E agora o assunto voltou... O senhor vê motivação eleitoral, já que estamos próximos às eleições?

O ano, mais uma vez, é eleitoral. Então, é sempre assim quando se aproxima a eleição! Isso é política velha, tocada por puro oportunismo. No começo do ano, chegaram a fazer até pedido de impeachment, o mesmo pedido que já havia sido feito três anos atrás e que foi descartado, por falta de provas e total inconsistência. Lembro que a CPI instalada em 2017 vasculhou durante 120 dias todo esse assunto e não encontrou qualquer irregularidade em relação ao governador.

Pelo contrário, acabou confirmando o que nós vínhamos apontando: a JBS estava fraudando sistematicamente o sistema tributário do Estado, com emissão de notas frias e outros expedientes. É o que está lá, em 96 páginas do Relatório Final. Isso ninguém fala. Tanto é assim que foi pedido judicialmente o bloqueio de bens do grupo no Estado.

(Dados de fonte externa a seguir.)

lemma average_abs_eventually_bounded:
  assumes e_F: "\<And>i. 1 \<le> i \<Longrightarrow> e i \<in> borel_measurable (F i)"
    and e_sq: "\<And>i. 1 \<le> i \<Longrightarrow> integrable M (\<lambda>\<omega>. (e i \<omega>)\<^sup>2)"
    and bdd: "AE \<omega> in M. bdd_above ((\<lambda>i. cond_var e i \<omega>) ` {1..})"
  shows "AE \<omega> in M. \<exists>A. eventually (\<lambda>n. (\<Sum>i=1..n. \<bar>e i \<omega>\<bar>) / real n \<le> A) sequentially"
proof -
  note e_M = borel_measurable_F_imp_M[OF e_F]
  have "AE \<omega> in M. (\<lambda>n. (\<Sum>i=1..n. \<bar>e i \<omega>\<bar> - cond_abs e i \<omega>) / real n) \<longlonglongrightarrow> 0"
  proof (rule martingale_difference_slln[OF centered_abs_L2_martingale_difference[OF e_F e_sq]])
    show "AE \<omega> in M. bdd_above ((\<lambda>i. cond_var (\<lambda>i \<omega>. \<bar>e i \<omega>\<bar> - cond_abs e i \<omega>) i \<omega>) ` {1..})"
      using cond_var_centered_abs_le[of e, OF e_M e_sq] by (intro AE_bdd_above_cond_var_le[OF _ _ bdd]) auto
  qed
  moreover have "AE \<omega> in M. \<forall>i\<ge>1. (cond_abs e i \<omega>)\<^sup>2 \<le> cond_var e i \<omega>"
    unfolding AE_all_countable using cond_abs_square_le_cond_var[of e, OF e_M e_sq] by auto
  ultimately show ?thesis using bdd
  proof eventually_elim
    case (elim \<omega>)
    then obtain B where B: "\<And>i. 1 \<le> i \<Longrightarrow> cond_var e i \<omega> \<le> B" by (auto simp: bdd_above_def)
    have c_le: "cond_abs e i \<omega> \<le> (1 + B) / 2" if "1 \<le> i" for i
      using elim(2) B[OF that] that sum_squares_bound[of "cond_abs e i \<omega>" 1] by auto
    have "eventually (\<lambda>n. (\<Sum>i=1..n. \<bar>e i \<omega>\<bar> - cond_abs e i \<omega>) / real n < 1) sequentially"
      using order_tendstoD(2)[OF elim(1), of 1] by simp
    then have "eventually (\<lambda>n. (\<Sum>i=1..n. \<bar>e i \<omega>\<bar>) / real n \<le> 1 + (1 + B) / 2) sequentially"
      using eventually_gt_at_top[of 0]
    proof eventually_elim
      case (elim n)
      have "(\<Sum>i=1..n. \<bar>e i \<omega>\<bar>) = (\<Sum>i=1..n. \<bar>e i \<omega>\<bar> - cond_abs e i \<omega>) + (\<Sum>i=1..n. cond_abs e i \<omega>)"
        by (simp add: sum_subtractf)
      also have "(\<Sum>i=1..n. cond_abs e i \<omega>) \<le> (\<Sum>i=1..n. (1 + B) / 2)" by (intro sum_mono c_le) simp
      finally show ?case using elim by (simp add: field_simps)
    qed
    then show ?case by blast
  qed
qed

lemma AE_weighted_averages_tendsto_zero:
  fixes X :: "nat \<Rightarrow> 'a \<Rightarrow> 'x::metric_space" and \<mu> :: "'x \<Rightarrow> 't::metric_space \<Rightarrow> real"
  assumes e: "L2_martingale_difference e"
    and bdd: "AE \<omega> in M. bdd_above ((\<lambda>i. cond_var e i \<omega>) ` {1..})"
    and "compact XX" "compact TT" and mu_cont: "continuous_on (XX \<times> TT) (\<lambda>(y, \<theta>). \<mu> y \<theta>)"
    and X_F: "\<And>i. 1 \<le> i \<Longrightarrow> X i \<in> measurable (F (i - 1)) borel"
    and X_in: "\<And>i \<omega>. 1 \<le> i \<Longrightarrow> X i \<omega> \<in> XX"
    and "countable TA" "TA \<subseteq> TT" "\<theta>bar \<in> TT"
  shows "AE \<omega> in M. \<forall>t\<in>TA. (\<lambda>n. (\<Sum>i=1..n. (\<mu> (X i \<omega>) t - \<mu> (X i \<omega>) \<theta>bar) * e i \<omega>) / real n) \<longlonglongrightarrow> 0"
proof -
  obtain G where G: "\<And>y \<theta>. y \<in> XX \<Longrightarrow> \<theta> \<in> TT \<Longrightarrow> norm (\<mu> y \<theta>) \<le> G"
    using compact_Times_bounded[OF mu_cont \<open>compact XX\<close> \<open>compact TT\<close>] by blast
  have mu_F: "(\<lambda>\<omega>. \<mu> (X i \<omega>) t) \<in> borel_measurable (F (i - 1))" if "1 \<le> i" "t \<in> TT" for i t
    using X_in that by (intro borel_measurable_continuous_on_comp[OF continuous_on_Times_fst[OF mu_cont] X_F])
  have "AE \<omega> in M. (\<lambda>n. (\<Sum>i=1..n. (\<mu> (X i \<omega>) t - \<mu> (X i \<omega>) \<theta>bar) * e i \<omega>) / real n) \<longlonglongrightarrow> 0"
    if "t \<in> TT" for t
  proof (rule martingale_difference_slln_predictable[OF e bdd])
    show "(\<lambda>\<omega>. \<mu> (X i \<omega>) t - \<mu> (X i \<omega>) \<theta>bar) \<in> borel_measurable (F (i - 1))" if "1 \<le> i" for i
      using mu_F[OF that \<open>t \<in> TT\<close>] mu_F[OF that \<open>\<theta>bar \<in> TT\<close>] by measurable
    show "\<bar>\<mu> (X i \<omega>) t - \<mu> (X i \<omega>) \<theta>bar\<bar> \<le> 2 * G" if "1 \<le> i" for i \<omega>
      using G[OF X_in[OF that, of \<omega>] \<open>t \<in> TT\<close>] G[OF X_in[OF that, of \<omega>] \<open>\<theta>bar \<in> TT\<close>]
        abs_triangle_ineq4[of "\<mu> (X i \<omega>) t" "\<mu> (X i \<omega>) \<theta>bar"] by simp
  qed
  then show ?thesis using \<open>TA \<subseteq> TT\<close> by (subst AE_ball_countable[OF \<open>countable TA\<close>]) auto
qed
definition sqrt_one_minus_op :: "('a::chilbert \<Rightarrow> 'a) \<Rightarrow> 'a \<Rightarrow>\<^sub>L 'a" where
  "sqrt_one_minus_op P = (\<Sum>n. sqrt_one_minus_coeff n *\<^sub>R Blinfun (P ^^ n))"

context
  fixes P :: "'a::chilbert \<Rightarrow> 'a"
  assumes P_adj: "is_adjoint P P" and P_contraction: "\<And>x. norm (P x) \<le> norm x"
begin

lemma blinfun_apply_Blinfun_funpow [simp]: "blinfun_apply (Blinfun (P ^^ n)) = P ^^ n"
  using bounded_op_funpow[OF is_adjoint_bounded[OF P_adj]]
  by (intro bounded_linear_Blinfun_apply bounded_op_bounded_linear)

lemma Blinfun_funpow_compose: "Blinfun (P ^^ i) o\<^sub>L Blinfun (P ^^ j) = Blinfun (P ^^ (i + j))"
  by (rule blinfun_eqI)
    (metis blinfun_apply_Blinfun_funpow blinfun_apply_blinfun_compose comp_apply funpow_add)

lemma summable_norm_sqrt_one_minus_series:
  "summable (\<lambda>n. norm (sqrt_one_minus_coeff n *\<^sub>R Blinfun (P ^^ n)))"
proof (rule summable_comparison_test[OF _ summable_abs_sqrt_one_minus_coeff])
  have "norm (Blinfun (P ^^ n)) \<le> 1" for n
    by (rule norm_blinfun_bound) (simp_all add: norm_funpow_le P_contraction)
  then show "\<exists>N. \<forall>n\<ge>N. norm (norm (sqrt_one_minus_coeff n *\<^sub>R Blinfun (P ^^ n)))
      \<le> \<bar>sqrt_one_minus_coeff n\<bar>"
    by (auto intro!: mult_left_le)
qed

lemma sqrt_one_minus_op_sums:
  "(\<lambda>n. sqrt_one_minus_coeff n *\<^sub>R Blinfun (P ^^ n)) sums sqrt_one_minus_op P"
  unfolding sqrt_one_minus_op_def
  by (rule summable_sums[OF summable_norm_cancel[OF summable_norm_sqrt_one_minus_series]])

lemma sqrt_one_minus_op_apply_sums:
  "(\<lambda>n. sqrt_one_minus_coeff n *\<^sub>R (P ^^ n) x) sums blinfun_apply (sqrt_one_minus_op P) x"
  using bounded_linear.sums[OF blinfun.bounded_linear_left sqrt_one_minus_op_sums, of x]
  by (simp add: blinfun.scaleR_left)

lemma sqrt_one_minus_op_squared:
  "sqrt_one_minus_op P o\<^sub>L sqrt_one_minus_op P = id_blinfun - Blinfun P"
proof -
  let ?c = sqrt_one_minus_coeff
  have "(\<lambda>k. \<Sum>i\<le>k. (?c i *\<^sub>R Blinfun (P ^^ i)) o\<^sub>L (?c (k - i) *\<^sub>R Blinfun (P ^^ (k - i))))
      sums (sqrt_one_minus_op P o\<^sub>L sqrt_one_minus_op P)"
    by (intro bounded_bilinear.Cauchy_product_sums[OF bounded_bilinear_blinfun_compose]
        summable_norm_sqrt_one_minus_series sqrt_one_minus_op_sums)
  moreover have "(\<Sum>i\<le>k. (?c i *\<^sub>R Blinfun (P ^^ i)) o\<^sub>L (?c (k - i) *\<^sub>R Blinfun (P ^^ (k - i))))
      = (\<Sum>i\<le>k. ?c i * ?c (k - i)) *\<^sub>R Blinfun (P ^^ k)" for k
    by (simp add: scaleR_sum_left bounded_bilinear.scaleR_left[OF bounded_bilinear_blinfun_compose]
        bounded_bilinear.scaleR_right[OF bounded_bilinear_blinfun_compose]
        Blinfun_funpow_compose mult.commute)
  ultimately have "(\<lambda>k. (if k = 0 then 1 else if k = 1 then -1 else 0) *\<^sub>R Blinfun (P ^^ k))
      sums (sqrt_one_minus_op P o\<^sub>L sqrt_one_minus_op P)"
    by (simp add: sqrt_one_minus_coeff_convolution)
  moreover have "(\<lambda>k. (if k = 0 then 1 else if k = 1 then -1 else 0) *\<^sub>R Blinfun (P ^^ k))
      sums (id_blinfun - Blinfun P)"
  proof -
    have "Blinfun (P ^^ 0) = id_blinfun"
      using blinfun_apply_Blinfun_funpow[of 0] by (intro blinfun_eqI) simp
    then show ?thesis
      using sums_finite[of "{0, 1}" "\<lambda>k. (if k = 0 then 1 else if k = 1 then -1 else 0) *\<^sub>R Blinfun (P ^^ k)"]
      by simp
  qed
  ultimately show ?thesis
    using sums_unique2 by blast
qed

lemma sqrt_one_minus_op_commute:
  assumes Q: "bounded_op Q" and QP: "\<And>x. Q (P x) = P (Q x)"
  shows "Q (sqrt_one_minus_op P x) = sqrt_one_minus_op P (Q x)"
proof -
  have QPn: "Q ((P ^^ n) x) = (P ^^ n) (Q x)" for n
    by (induction n) (simp_all add: QP)
  have "(\<lambda>n. Q (sqrt_one_minus_coeff n *\<^sub>R (P ^^ n) x)) sums Q (sqrt_one_minus_op P x)"
    by (rule bounded_linear.sums[OF bounded_op_bounded_linear[OF Q] sqrt_one_minus_op_apply_sums])
  then have "(\<lambda>n. sqrt_one_minus_coeff n *\<^sub>R (P ^^ n) (Q x)) sums Q (sqrt_one_minus_op P x)"
    by (simp add: clinear_op_scaleR[OF bounded_op_clinear[OF Q]] QPn)
  then show ?thesis
    using sqrt_one_minus_op_apply_sums sums_unique2 by blast
qed

lemma is_adjoint_sqrt_one_minus_op:
  "is_adjoint (sqrt_one_minus_op P) (sqrt_one_minus_op P)"
  unfolding is_adjoint_def
proof (intro conjI allI)
  have "sqrt_one_minus_op P (c *\<^sub>C x) = c *\<^sub>C sqrt_one_minus_op P x" for c x
    using sqrt_one_minus_op_commute[OF bounded_op_scaleC[OF bounded_op_id], of c]
    by (simp add: clinear_opD(2)[OF bounded_op_clinear[OF is_adjoint_bounded[OF P_adj]]])
  then show "bounded_op (sqrt_one_minus_op P)"
    by (intro bounded_opI[where K="norm (sqrt_one_minus_op P)"] clinear_opI)
      (simp_all add: blinfun.add_right norm_blinfun)
  fix x y
  have "(\<lambda>n. cinner (sqrt_one_minus_coeff n *\<^sub>R (P ^^ n) x) y) sums cinner (sqrt_one_minus_op P x) y"
    by (rule bounded_linear.sums[OF bounded_linear_cinner_left sqrt_one_minus_op_apply_sums])
  moreover have "(\<lambda>n. cinner x (sqrt_one_minus_coeff n *\<^sub>R (P ^^ n) y)) sums cinner x (sqrt_one_minus_op P y)"
    by (rule bounded_linear.sums[OF bounded_linear_cinner_right sqrt_one_minus_op_apply_sums])
  ultimately show "cinner (sqrt_one_minus_op P x) y = cinner x (sqrt_one_minus_op P y)"
    by (simp add: cinner_scaleR_left cinner_scaleR_right
        is_adjointD[OF is_adjoint_funpow[OF P_adj]] sums_unique2)
qed

lemma sqrt_one_minus_op_squared_apply:
  "sqrt_one_minus_op P (sqrt_one_minus_op P x) = x - P x"
  using arg_cong[OF sqrt_one_minus_op_squared, of "\<lambda>B. blinfun_apply B x"]
  by (simp add: blinfun.diff_left bounded_linear_Blinfun_apply[OF bounded_op_bounded_linear[OF is_adjoint_bounded[OF P_adj]]])

end

lemma unitary_op_of_commuting_square_root:
  assumes T: "is_adjoint T T" and R: "is_adjoint R R"
    and R_square: "\<And>x. R (R x) = x - T (T x)" and TR: "\<And>x. T (R x) = R (T x)"
  defines "U \<equiv> \<lambda>x. T x + \<i> *\<^sub>C R x"
  shows "unitary_op U" "ReOp U = T"
proof -
  define V where "V x = T x - \<i> *\<^sub>C R x" for x
  have "bounded_op T" "bounded_op R"
    using T R by (simp_all add: is_adjoint_bounded)
  have "is_adjoint U V"
    unfolding is_adjoint_def
  proof (intro conjI allI)
    show "bounded_op V"
      unfolding V_def by (intro bounded_op_diff bounded_op_scaleC) fact+
    show "cinner (U x) y = cinner x (V y)" for x y
      by (simp add: U_def V_def cinner_add_left cinner_scaleC_left cinner_diff_right
          cinner_scaleC_right is_adjointD[OF T] is_adjointD[OF R])
  qed
  then have adj_U: "adj U = V"
    by (rule adj_eqI)
  have T_lin: "clinear_op T" and R_lin: "clinear_op R"
    using \<open>bounded_op T\<close> \<open>bounded_op R\<close> by (simp_all add: bounded_op_clinear)
  have "V (U x) = x" "U (V x) = x" for x
    by (simp_all add: U_def V_def clinear_opD[OF T_lin] clinear_opD[OF R_lin]
        clinear_op_diff[OF T_lin] clinear_op_diff[OF R_lin] scaleC_add_right scaleC_diff_right
        scaleC_scaleC R_square TR scaleC_minus_left scaleC_one)
  moreover have "bounded_op U"
    unfolding U_def by (intro bounded_op_add bounded_op_scaleC) fact+
  ultimately show "unitary_op U"
    unfolding unitary_op_def adj_U by (simp add: fun_eq_iff)
  show "ReOp U = T"
    unfolding ReOp_def adj_U
    by (simp add: U_def V_def fun_eq_iff scaleC_add_right scaleC_one flip: scaleC_add_left)
qed

lemma self_adjoint_contraction_eq_ReOp_unitary:
  fixes T :: "'a::chilbert \<Rightarrow> 'a"
  assumes T: "is_adjoint T T" and contraction: "\<And>x. norm (T x) \<le> norm x"
  obtains U where "unitary_op U" "ReOp U = T"
proof -
  define P where "P = (\<lambda>x. T (T x))"
  have P: "is_adjoint P P"
    unfolding P_def by (rule is_adjoint_compose[OF T T])
  have P_contraction: "norm (P x) \<le> norm x" for x
    unfolding P_def using contraction order_trans by blast
  define R where "R = blinfun_apply (sqrt_one_minus_op P)"
  have "is_adjoint R R" "\<And>x. R (R x) = x - T (T x)" "\<And>x. T (R x) = R (T x)"
    using is_adjoint_sqrt_one_minus_op[OF P P_contraction]
      sqrt_one_minus_op_squared_apply[OF P P_contraction]
      sqrt_one_minus_op_commute[OF P P_contraction is_adjoint_bounded[OF T]]
    by (simp_all add: R_def P_def)
  then show ?thesis
    using that unitary_op_of_commuting_square_root[OF T] by blast
qed

lemma norm_ReOp_le:
  assumes N: "is_norm_on_ops N" and "bounded_op U" "bounded_op (adj U)"
  shows "2 * N (ReOp U) \<le> N U + N (adj U)"
proof -
  have "N (ReOp U) = cmod (1/2) * N (\<lambda>x. U x + adj U x)"
    unfolding ReOp_def by (intro is_norm_on_ops_scaleC N bounded_op_add assms)
  also have "\<dots> \<le> (1/2) * (N U + N (adj U))"
    using is_norm_on_ops_triangle[OF N assms(2,3)] by simp
  finally show ?thesis
    by simp
qed

lemma twice_norm_le_unitary:
  fixes T :: "'a::chilbert \<Rightarrow> 'a"
  assumes N: "is_norm_on_ops N" and T: "self_adjoint_op T" "opnorm T \<le> 1"
  obtains U where "unitary_op U" "2 * N T \<le> N U + N (adj U)"
proof -
  have "norm (T x) \<le> norm x" for x
    using bounded_op_norm_le[of T x] T mult_right_mono[OF T(2) norm_ge_zero, of x]
    unfolding self_adjoint_op_def by simp
  then obtain U where U: "unitary_op U" "ReOp U = T"
    using self_adjoint_contraction_eq_ReOp_unitary[OF self_adjoint_op_is_adjoint[OF T(1)]] by blast
  have "bounded_op U"
    using U(1) unfolding unitary_op_def by simp
  then have "2 * N T \<le> N U + N (adj U)"
    using norm_ReOp_le[OF N _ bounded_op_adj] U(2) by blast
  with U(1) show ?thesis
    by (rule that)
qed

lemma twice_norm_le_SUP_unitary:
  fixes T :: "'a::chilbert \<Rightarrow> 'a"
  assumes "is_norm_on_ops N" "self_adjoint_op T" "opnorm T \<le> 1"
  shows "ereal (2 * N T) \<le> (SUP U\<in>{U. unitary_op U}. ereal (N U + N (adj U)))"
proof -
  obtain U where "unitary_op U" "2 * N T \<le> N U + N (adj U)"
    using twice_norm_le_unitary[OF assms] by blast
  then show ?thesis
    by (intro SUP_upper2[where i=U]) simp_all
qed

lemma norm_le_SUP_unitary:
  fixes T :: "'a::chilbert \<Rightarrow> 'a"
  assumes "is_norm_on_ops N" "selfadjoint_norm N" "self_adjoint_op T" "opnorm T \<le> 1"
  shows "ereal (N T) \<le> (SUP U\<in>{U. unitary_op U}. ereal (N U))"
proof -
  obtain U where U: "unitary_op U" "2 * N T \<le> N U + N (adj U)"
    using twice_norm_le_unitary[OF assms(1,3,4)] by blast
  moreover have "N (adj U) = N U"
    using assms(2) U(1) unfolding selfadjoint_norm_def unitary_op_def by simp
  ultimately show ?thesis
    by (intro SUP_upper2[where i=U]) simp_all
qed

lemma ereal_le_min_mult:
  assumes "0 \<le> a" "0 \<le> b" "w \<le> c * a * b" "ereal (c * a) \<le> M" "ereal (c * b) \<le> M"
  shows "ereal w \<le> ereal (min a b) * M"
proof -
  have "ereal w \<le> ereal (min a b) * ereal (c * max a b)"
    using assms(3) by (simp add: min_def max_def mult_ac)
  also have "\<dots> \<le> ereal (min a b) * M"
    using assms by (intro ereal_mult_left_mono) (auto simp: max_def)
  finally show ?thesis .
qed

A empresa fez uma confissão dos crimes que ela cometeu e partir daí se estabeleceu o bloqueio de bens e o ressarcimento, que vem acontecendo em parcelas. Não haverá nenhum centavo de dano ao erário.

O que o senhor espera, então, governador?

Espero que seja feita justiça neste caso, pois confio nas instituições do País. Que se puna quem errou e que se absolvam os que foram acusados e atacados injustamente.  Da minha parte, continuo trabalhando sem descanso. Só não perco muito o meu tempo frequentando live todo dia... Não é o meu estilo. As pessoas não imaginam o nível de sacrifício para manter o Mato Grosso do Sul de pé nesses tempos difíceis. Fizemos o que tinha que ser feito, com coragem, e agora estamos colhendo os resultados.

Somos um dos primeiros Estados a vencer a recessão dos anos 2015- 2018 e temos orgulho de ser hoje o Estado mais aberto do país e, ao mesmo tempo, estar entre aqueles com o menor número de perda de vidas no contexto do coronavírus. Ao contrário de outros Estados, estamos mantendo as contas em dia, sem um único registro de atraso e investindo forte nos serviços públicos essenciais, especialmente de saúde, neste momento. Nossa retomada está a pleno vapor: já somos o segundo estado que mais cresce, um dos que mais gera empregos e o quarto que mais investe.